lemma interp_mixed_volume_nonneg:
  assumes margins: "grid_margins T1" "grid_margins T2" "grid_margins T3" "grid_margins T4"
    and le: "\<forall>k\<le>n. \<forall>l\<le>n. T3 k l \<le> T1 k l" "\<forall>k\<le>n. \<forall>l\<le>n. T4 k l \<le> T2 k l"
      "\<forall>k\<le>n. \<forall>l\<le>n. T4 k l \<le> T1 k l" "\<forall>k\<le>n. \<forall>l\<le>n. T3 k l \<le> T2 k l"
    and grid: "\<And>k1 k2 l1 l2. k1 \<le> k2 \<Longrightarrow> k2 \<le> n \<Longrightarrow> l1 \<le> l2 \<Longrightarrow> l2 \<le> n \<Longrightarrow>
      0 \<le> T1 k1 l1 + T2 k2 l2 - T3 k2 l1 - T4 k1 l2"
    and rect: "0 \<le> s1" "s1 \<le> s2" "s2 \<le> 1" "0 \<le> t1" "t1 \<le> t2" "t2 \<le> 1"
  shows "0 \<le> interp T1 s1 t1 + interp T2 s2 t2 - interp T3 s2 t1 - interp T4 s1 t2"
proof (rule piecewise_multiaffine_nonneg[OF finite_knots zero_in_knots one_in_knots _ _ _ _ _ _ _ rect])
  show "0 \<le> interp T1 s t1 + interp T2 s t2 - interp T3 s t1 - interp T4 s t2"
    if "0 \<le> s" "s \<le> 1" "0 \<le> t1" "t1 \<le> t2" "t2 \<le> 1" for s t1 t2
    using interp_mono[OF margins(3,1) le(1), of s t1] interp_mono[OF margins(4,2) le(2), of s t2] that
    by simp
  show "0 \<le> interp T1 s1 t + interp T2 s2 t - interp T3 s2 t - interp T4 s1 t"
    if "0 \<le> s1" "s1 \<le> s2" "s2 \<le> 1" "0 \<le> t" "t \<le> 1" for s1 s2 t
    using interp_mono[OF margins(4,1) le(3), of s1 t] interp_mono[OF margins(3,2) le(4), of s2 t] that
    by simp
  show "0 \<le> interp T1 a c + interp T2 b d - interp T3 b c - interp T4 a d"
    if on_knots: "a \<in> knots" "b \<in> knots" "c \<in> knots" "d \<in> knots"
      and ordered: "0 \<le> a" "a \<le> b" "b \<le> 1" "0 \<le> c" "c \<le> d" "d \<le> 1" for a b c d
  proof -
    obtain k1 k2 l1 l2 where "k1 \<le> n" "k2 \<le> n" "l1 \<le> n" "l2 \<le> n"
      and "a = x k1" "b = x k2" "c = x l1" "d = x l2"
      using on_knots by (auto simp: knots_def)
    then show ?thesis
      using grid[of k1 k2 l1 l2] ordered margins by (simp add: x_le_iff interp_knot_margins)
  qed
qed (intro piecewise_affine_add piecewise_affine_diff piecewise_affine_const
    piecewise_affine_interp_left piecewise_affine_interp_right)+

lemma imprecise_copula_interp:
  assumes margins: "grid_margins A" "grid_margins B" and le: "\<forall>k\<le>n. \<forall>l\<le>n. A k l \<le> B k l"
    and grid: "\<And>k1 k2 l1 l2. k1 \<le> k2 \<Longrightarrow> k2 \<le> n \<Longrightarrow> l1 \<le> l2 \<Longrightarrow> l2 \<le> n \<Longrightarrow>
      0 \<le> A k1 l1 + B k2 l2 - A k2 l1 - A k1 l2 \<and>
      0 \<le> B k1 l1 + A k2 l2 - A k2 l1 - A k1 l2 \<and>
      0 \<le> B k1 l1 + B k2 l2 - B k2 l1 - A k1 l2 \<and>
      0 \<le> B k1 l1 + B k2 l2 - A k2 l1 - B k1 l2"
  shows "imprecise_copula (interp A) (interp B)"
proof -
  have refl: "\<forall>k\<le>n. \<forall>l\<le>n. T k l \<le> T k l" for T :: "nat \<Rightarrow> nat \<Rightarrow> real" by simp
  note grid' = grid[THEN conjunct1] grid[THEN conjunct2, THEN conjunct1]
    grid[THEN conjunct2, THEN conjunct2, THEN conjunct1] grid[THEN conjunct2, THEN conjunct2, THEN conjunct2]
  have "\<forall>s1 s2 t1 t2. 0 \<le> s1 \<and> s1 \<le> s2 \<and> s2 \<le> 1 \<and> 0 \<le> t1 \<and> t1 \<le> t2 \<and> t2 \<le> 1 \<longrightarrow>
      interp A s1 t1 + interp B s2 t2 - interp A s2 t1 - interp A s1 t2 \<ge> 0 \<and>
      interp B s1 t1 + interp A s2 t2 - interp A s2 t1 - interp A s1 t2 \<ge> 0 \<and>
      interp B s1 t1 + interp B s2 t2 - interp B s2 t1 - interp A s1 t2 \<ge> 0 \<and>
      interp B s1 t1 + interp B s2 t2 - interp A s2 t1 - interp B s1 t2 \<ge> 0"
    by (intro allI impI conjI
        interp_mixed_volume_nonneg[OF margins(1,2,1,1) refl le refl le grid'(1)]
        interp_mixed_volume_nonneg[OF margins(2,1,1,1) le refl le refl grid'(2)]
        interp_mixed_volume_nonneg[OF margins(2,2,2,1) refl le le refl grid'(3)]
        interp_mixed_volume_nonneg[OF margins(2,2,1,2) le refl refl le grid'(4)]) simp_all
  then show ?thesis
    unfolding imprecise_copula_def by (intro conjI grounded_interp neutral_one_interp margins)
qed

end

definition knot_percent :: "int list" where
  "knot_percent = [0, 40, 42, 44, 46, 48, 50, 100]"

definition lower_percent :: "int list list" where
  "lower_percent =
    [[0,  0,  0,  0,  0,  0,  0,   0],
     [0,  0,  1,  2,  3,  3,  4,  40],
     [0,  1,  2,  2,  3,  3,  4,  42],
     [0,  1,  2,  4,  4,  4,  5,  44],
     [0,  2,  2,  4,  5,  5,  5,  46],
     [0,  3,  3,  5,  5,  7,  7,  48],
     [0,  4,  4,  6,  6,  7,  7,  50],
     [0, 40, 42, 44, 46, 48, 50, 100]]"

definition upper_percent :: "int list list" where
  "upper_percent =
    [[0,  0,  0,  0,  0,  0,  0,   0],
     [0,  1,  2,  3,  4,  4,  5,  40],
     [0,  2,  2,  3,  4,  4,  5,  42],
     [0,  2,  2,  4,  5,  5,  6,  44],
     [0,  3,  3,  5,  5,  5,  6,  46],
     [0,  4,  4,  6,  6,  7,  8,  48],
     [0,  5,  5,  7,  7,  8,  8,  50],
     [0, 40, 42, 44, 46, 48, 50, 100]]"

definition example_knot :: "nat \<Rightarrow> real" where "example_knot k = of_int (knot_percent ! k) / 100"
definition lower_table :: "nat \<Rightarrow> nat \<Rightarrow> real" where "lower_table k l = of_int (lower_percent ! k ! l) / 100"
definition upper_table :: "nat \<Rightarrow> nat \<Rightarrow> real" where "upper_table k l = of_int (upper_percent ! k ! l) / 100"

lemma knot_percent_increasing: "list_all (\<lambda>k. knot_percent ! k < knot_percent ! Suc k) [0..<7]"
  by code_simp

lemma percent_margins:
  "list_all (\<lambda>k. lower_percent ! k ! 0 = 0 \<and> lower_percent ! 0 ! k = 0 \<and>
     lower_percent ! k ! 7 = knot_percent ! k \<and> lower_percent ! 7 ! k = knot_percent ! k \<and>
     upper_percent ! k ! 0 = 0 \<and> upper_percent ! 0 ! k = 0 \<and>
     upper_percent ! k ! 7 = knot_percent ! k \<and> upper_percent ! 7 ! k = knot_percent ! k) [0..<8]"
  by code_simp

lemma percent_lower_le_upper:
  "list_all (\<lambda>k. list_all (\<lambda>l. lower_percent ! k ! l \<le> upper_percent ! k ! l) [0..<8]) [0..<8]"
  by code_simp

lemma percent_rectangles:
  "list_all (\<lambda>k1. list_all (\<lambda>k2. list_all (\<lambda>l1. list_all (\<lambda>l2.
     let a = (\<lambda>k l. lower_percent ! k ! l); b = (\<lambda>k l. upper_percent ! k ! l) in
     0 \<le> a k1 l1 + b k2 l2 - a k2 l1 - a k1 l2 \<and>
     0 \<le> b k1 l1 + a k2 l2 - a k2 l1 - a k1 l2 \<and>
     0 \<le> b k1 l1 + b k2 l2 - b k2 l1 - a k1 l2 \<and>
     0 \<le> b k1 l1 + b k2 l2 - a k2 l1 - b k1 l2) [l1..<8]) [0..<8]) [k1..<8]) [0..<8]"
  by code_simp

lemma percent_combination_nonneg:
  "0 \<le> a + b - c - d \<Longrightarrow> 0 \<le> of_int a / 100 + of_int b / 100 - of_int c / 100 - (of_int d / 100 :: real)"
  by (simp add: add_divide_distrib[symmetric] diff_divide_distrib[symmetric] flip: of_int_add of_int_diff)

interpretation example: unit_grid example_knot 7
proof
  show "example_knot k < example_knot (Suc k)" if "k < 7" for k
    using knot_percent_increasing that by (simp add: list_all_iff example_knot_def)
qed (simp_all add: example_knot_def knot_percent_def)

lemma example_margins: "example.grid_margins lower_table" "example.grid_margins upper_table"
  using percent_margins
  by (auto simp: example.grid_margins_def list_all_iff lower_table_def upper_table_def
      example_knot_def less_Suc_eq_le)

lemma example_imprecise_copula: "imprecise_copula (example.interp lower_table) (example.interp upper_table)"
proof (rule example.imprecise_copula_interp[OF example_margins])
  show "\<forall>k\<le>7. \<forall>l\<le>7. lower_table k l \<le> upper_table k l"
    using percent_lower_le_upper by (auto simp: list_all_iff lower_table_def upper_table_def less_Suc_eq_le)
  fix k1 k2 l1 l2 :: nat assume "k1 \<le> k2" "k2 \<le> 7" "l1 \<le> l2" "l2 \<le> 7"
  then have "k1 \<in> set [0..<8]" "k2 \<in> set [k1..<8]" "l1 \<in> set [0..<8]" "l2 \<in> set [l1..<8]" by auto
  with percent_rectangles
  have "let a = (\<lambda>k l. lower_percent ! k ! l); b = (\<lambda>k l. upper_percent ! k ! l) in
     0 \<le> a k1 l1 + b k2 l2 - a k2 l1 - a k1 l2 \<and>
     0 \<le> b k1 l1 + a k2 l2 - a k2 l1 - a k1 l2 \<and>
     0 \<le> b k1 l1 + b k2 l2 - b k2 l1 - a k1 l2 \<and>
     0 \<le> b k1 l1 + b k2 l2 - a k2 l1 - b k1 l2"
    unfolding list_all_iff by blast
  then show "0 \<le> lower_table k1 l1 + upper_table k2 l2 - lower_table k2 l1 - lower_table k1 l2 \<and>
      0 \<le> upper_table k1 l1 + lower_table k2 l2 - lower_table k2 l1 - lower_table k1 l2 \<and>
      0 \<le> upper_table k1 l1 + upper_table k2 l2 - upper_table k2 l1 - lower_table k1 l2 \<and>
      0 \<le> upper_table k1 l1 + upper_table k2 l2 - lower_table k2 l1 - upper_table k1 l2"
    unfolding lower_table_def upper_table_def Let_def by (intro conjI percent_combination_nonneg; simp)
qed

++++++++++

- TASK PROMPT
Tell me how many lines of the data hold the word "shows", giving only the number.

- SOLVED EXERCISE
2